In ordine di quelle coordinate di cui sopra notiamo 3 espressioni-chiave. Le cogliamo nel loro significato universale. Sono dunque dette anche per me.

"Oggi devo fermarmi a casa tua". Gesù vive l'urgenza del suo essere venuto a salvare. Basta un minimo di disponibilità ad accoglierlo e Lui viene (cfr. Zaccheo che è salito sull'albero sfidando, forse, il dileggio dei circostanti).

"scese e lo accolse, pieno di gioia" (v.6).L'incontro con l'affabilità di Gesù, il fare esperienza del suo amore, cambia il cuore di Zaccheo e lo colma di gioia. Bisogna però scendere dall'albero. Si tratta di scendere nelle profondità del cuore. Restare nella superficialità ed esteriorità rovina la vita spirituale.

"Il Figlio dell'uomo è venuto a cercare e a salvare ciò che era perduto" (v.10). Questa è l'espressione chiave fondamentale. Tutto corre verso questa affermazione rivelatrice del Padre, del suo cuore che si manifesta in Gesù: in tutto ciò che ha operato e insegnato e che è all'insegna della misericordia. "C'è più gioia in cielo per un peccatore convertito che per novantanove giusti che non hanno bisogno di conversione" (15,7). "C'è gioia davanti agli Angeli di Dio per un solo peccatore che si converte" (15,10). Gioia di Dio e gioia di chi si converte a causa dell'Amore-Misericordia. E' il segreto della fede vera.

 La conversione, da parte di Zaccheo, è "chiudere" con un passato d'ingiustizia, di egoismo e d'insensibilità al prossimo. Il suo cuore cambia e subito cambiano i rapporti: con la roba e con le persone.
Ma - attenzione!- non è un cambiamento faticosissimo, pesante, mozzafiato. Perché la leva di tutto è l'incontro con Gesù e, in Lui, col Padre, il Dio vero, il Padre-Madre che è misericordioso e ci chiama ad essere misericordiosi (cfr. Lc. 6,36).

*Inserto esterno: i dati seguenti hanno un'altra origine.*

lemma abs_ln_norm_cinner_le_kobayashi_dist:
  fixes \<Omega> :: "(complex^'n) set"
  assumes "open \<Omega>" "convex \<Omega>" "z \<in> \<Omega>" "w \<in> \<Omega>"
    and pos: "\<forall>y\<in>\<Omega>. 0 < Re (cinner a (y - x))"
  shows "\<bar>ln (cmod (cinner a (z - x))) - ln (cmod (cinner a (w - x)))\<bar> / 2 \<le> kobayashi_dist \<Omega> z w"
proof -
  define F where "F = (\<lambda>y. ln (cmod (cinner a (y - x))) / 2)"
  have "\<bar>F z - F w\<bar> \<le> kobayashi_dist \<Omega> z w"
  proof (rule abs_diff_le_kobayashi_dist[OF assms(3,4)])
    fix u v assume "u \<in> \<Omega>" "v \<in> \<Omega>"
    then show "\<bar>F u - F v\<bar> \<le> lempert \<Omega> u v"
      using assms(1,2) abs_ln_norm_cinner_le_poincare_dist[OF _ _ _ pos]
      by (intro lempert_greatest) (auto simp: F_def abs_divide diff_divide_distrib[symmetric])
  qed
  then show ?thesis by (simp add: F_def abs_divide diff_divide_distrib[symmetric])
qed

lemma kobayashi_dist_ray_point_ge:
  fixes \<Omega> :: "(complex^'n) set"
  assumes op: "open \<Omega>" and cv: "convex \<Omega>" and p: "p \<in> \<Omega>" and x: "x \<in> frontier \<Omega>"
    and t1: "0 \<le> t1" and t2: "0 \<le> t2"
  shows "\<bar>t1 - t2\<bar> \<le> kobayashi_dist \<Omega> (ray_point x p t1) (ray_point x p t2)"
proof -
  have "x \<notin> \<Omega>" "x \<in> closure \<Omega>" using x op by (auto simp: frontier_def interior_open)
  then obtain a where pos: "\<forall>y\<in>\<Omega>. 0 < Re (cinner a (y - x))"
    using open_convex_separating_cinner[OF op cv] by blast
  then have "cinner a (p - x) \<noteq> 0" using p by fastforce
  then have "ln (cmod (cinner a (ray_point x p t - x))) = -2 * t + ln (cmod (cinner a (p - x)))" for t
    by (simp add: ray_point_def cinner_scaleR_right norm_mult ln_mult)
  then have "\<bar>t1 - t2\<bar> = \<bar>ln (cmod (cinner a (ray_point x p t1 - x)))
      - ln (cmod (cinner a (ray_point x p t2 - x)))\<bar> / 2"
    by (auto simp: abs_if)
  also have "\<dots> \<le> kobayashi_dist \<Omega> (ray_point x p t1) (ray_point x p t2)"
    using ray_point_mem[OF op cv p \<open>x \<in> closure \<Omega>\<close>] t1 t2
    by (intro abs_ln_norm_cinner_le_kobayashi_dist[OF op cv _ _ pos]) auto
  finally show ?thesis .
qed

section \<open>The upper bound from discs along the ray\<close>

lemma abs_one_minus_exp_le: "\<bar>1 - exp (u::real)\<bar> \<le> exp \<bar>u\<bar> - 1"
proof (cases "0 \<le> u")
  case False
  have "1 + u \<le> exp u" "1 - u \<le> exp (-u)"
    using exp_ge_add_one_self[of u] exp_ge_add_one_self[of "-u"] by simp_all
  moreover have "\<bar>1 - exp u\<bar> = 1 - exp u" "exp \<bar>u\<bar> = exp (-u)"
    using False by simp_all
  ultimately show ?thesis by linarith
qed simp

lemma norm_smult_vec: "norm (c *s (v::complex^'n)) = cmod c * norm v"
proof -
  have "norm (c *s v) = L2_set (\<lambda>i. cmod c * norm (v$i)) UNIV"
    unfolding norm_vec_def by (simp add: norm_mult)
  also have "\<dots> = cmod c * norm v"
    unfolding norm_vec_def by (rule L2_set_right_distrib[symmetric]) simp
  finally show ?thesis .
qed

lemma of_real_smult_vec: "of_real r *s (v::complex^'n) = r *\<^sub>R v"
  by (simp add: vec_eq_iff) (simp add: scaleR_conv_of_real)

lemma delta_dir_le_norm:
  assumes "p + c *s v \<notin> \<Omega>"
  shows "delta_dir \<Omega> p v \<le> norm (c *s v)"
  unfolding delta_dir_def
  by (rule cInf_lower) (use assms in \<open>force intro: bdd_belowI[of _ 0]\<close>)+

lemma mem_if_norm_less_delta_dir:
  assumes "norm (c *s v) < delta_dir \<Omega> p v"
  shows "p + c *s v \<in> \<Omega>"
  using delta_dir_le_norm assms by force

lemma delta_dir_le_norm_diff:
  assumes "x \<notin> \<Omega>"
  shows "delta_dir \<Omega> p (x - p) \<le> norm (x - p)"
  using delta_dir_le_norm[of p 1 "x - p" \<Omega>] assms by (simp add: norm_smult_vec)

text \<open>The disc p + \<epsilon>\<Delta>(x - p) lies in \<Omega> by the hypothesis on delta_dir; the homothety of
  ratio e^{-2s} centred at x maps it onto the disc below, which stays in \<Omega> by convexity.\<close>

lemma ray_point_disc_mem:
  fixes \<Omega> :: "(complex^'n) set"
  assumes op: "open \<Omega>" and cv: "convex \<Omega>" and p: "p \<in> \<Omega>" and x: "x \<in> frontier \<Omega>"
    and \<epsilon>: "\<epsilon> > 0" and \<delta>: "\<epsilon> * norm (x - p) \<le> delta_dir \<Omega> p (x - p)"
    and s: "0 \<le> s" and \<zeta>: "\<zeta> \<in> ball 0 1"
  shows "ray_point x p s + (of_real (\<epsilon> * exp (-2 * s)) * \<zeta>) *s (x - p) \<in> \<Omega>"
proof -
  define q where "q = p + (of_real \<epsilon> * \<zeta>) *s (x - p)"
  have "x \<noteq> p" using x p op by (auto simp: frontier_def interior_open)
  then have "\<epsilon> * cmod \<zeta> * norm (x - p) < \<epsilon> * norm (x - p)"
    using \<epsilon> \<zeta> by simp
  then have "norm ((of_real \<epsilon> * \<zeta>) *s (x - p)) < \<epsilon> * norm (x - p)"
    using \<epsilon> by (simp only: norm_smult_vec norm_mult) simp
  then have "q \<in> \<Omega>"
    unfolding q_def using \<delta> by (intro mem_if_norm_less_delta_dir) simp
  then have "x + exp (-2 * s) *\<^sub>R (q - x) \<in> \<Omega>"
    using x s by (intro open_convex_shrink_mem[OF op cv]) (auto simp: frontier_def)
  moreover have "x + exp (-2 * s) *\<^sub>R (q - x) = ray_point x p s + (of_real (\<epsilon> * exp (-2 * s)) * \<zeta>) *s (x - p)"
    by (simp add: ray_point_def q_def vec_eq_iff) (simp add: scaleR_conv_of_real algebra_simps)
  ultimately show ?thesis by simp
qed

lemma lempert_ray_point_le:
  fixes \<Omega> :: "(complex^'n) set"
  assumes op: "open \<Omega>" and cv: "convex \<Omega>" and p: "p \<in> \<Omega>" and x: "x \<in> frontier \<Omega>"
    and \<epsilon>: "\<epsilon> > 0" and \<delta>: "\<epsilon> * norm (x - p) \<le> delta_dir \<Omega> p (x - p)"
    and s: "0 \<le> s" and t: "0 \<le> t" and lt1: "(exp (2 * \<bar>t - s\<bar>) - 1) / \<epsilon> < 1"
  shows "lempert \<Omega> (ray_point x p s) (ray_point x p t) \<le> artanh ((exp (2 * \<bar>t - s\<bar>) - 1) / \<epsilon>)"
proof -
  define f where "f \<zeta> = ray_point x p s + (of_real (\<epsilon> * exp (-2 * s)) * \<zeta>) *s (x - p)" for \<zeta>
  define r where "r = (1 - exp (2 * (s - t))) / \<epsilon>"
  have "holo_disc \<Omega> f"
    unfolding holo_disc_def using ray_point_disc_mem[OF op cv p x \<epsilon> \<delta> s]
    by (auto simp: f_def intro!: holomorphic_intros)
  moreover have r: "\<bar>r\<bar> \<le> (exp (2 * \<bar>t - s\<bar>) - 1) / \<epsilon>"
  proof -
    have "\<bar>2 * (s - t)\<bar> = 2 * \<bar>t - s\<bar>" by (auto simp: abs_if)
    then show ?thesis
      unfolding r_def using abs_one_minus_exp_le[of "2 * (s - t)"] \<epsilon>
      by (simp add: abs_divide divide_right_mono)
  qed
  then have "of_real r \<in> ball (0::complex) 1" using lt1 by simp
  ultimately have "lempert \<Omega> (f 0) (f (of_real r)) \<le> artanh \<bar>r\<bar>"
    using lempert_le_poincare_dist[of \<Omega> f 0 "of_real r"] by (simp add: poincare_dist_def)
  also have "\<dots> \<le> artanh ((exp (2 * \<bar>t - s\<bar>) - 1) / \<epsilon>)"
    using r lt1 by (intro artanh_real_mono) auto
  also have "f 0 = ray_point x p s" by (simp add: f_def vec_eq_iff)
  also have "f (of_real r) = ray_point x p t"
  proof -
    have "f (of_real r) = x + (exp (-2 * s) - \<epsilon> * exp (-2 * s) * r) *\<^sub>R (p - x)"
      unfolding f_def ray_point_def of_real_mult[symmetric] of_real_smult_vec
      by (simp add: scaleR_diff_left algebra_simps)
    also have "exp (-2 * s) - \<epsilon> * exp (-2 * s) * r = exp (-2 * t)"
      using \<epsilon> by (simp add: r_def field_simps flip: exp_add)
    finally show ?thesis unfolding ray_point_def .
  qed
  finally show ?thesis .
qed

Qual è la mia immagine personale di Dio? Ho coscienza che, nato/a col peccato originale sono dentro il contesto di una cultura che, nel suo fondo, è restata un po' pagana? Ho ben aperto gli occhi sul fatto che è la cultura della paura di Dio? L'impressione di essere colpito da Dio e da Lui dimenticato, di venir castigato nelle mie sofferenze a volte attecchisce in me?

Decido di passare dalla paura di Dio al "santo timor di Dio", con tutte le conseguenze del caso. Quale rapporto dunque instauro con le persone cominciando da chi mi è accanto, col denaro e con la roba? Quale parte ha la giustizia (anche come riconoscimento dei miei sbagli) e quali la gratuità nei miei rapporti? E quale apertura c'è nel mio cuore alla gioia della misericordia dentro il mio cammino di conversione?

Dimoro nella gioia di un Dio che anche ora mi sta cercando. Discendo nelle profondità del cuore. Mi rendo "accogliente" della presenza di Gesù e canto nel cuore il suo amore misericordioso. Decido, col suo aiuto, di fare chiarezza sul modo di rapportarmi con le persone e sul modo di gestire ciò che possiedo. Tutto questo, mentre chiedo a Gesù di afferrarmi in profondità e di concedermi la gioia di rispondere al suo amore convertendomi a vita nuova.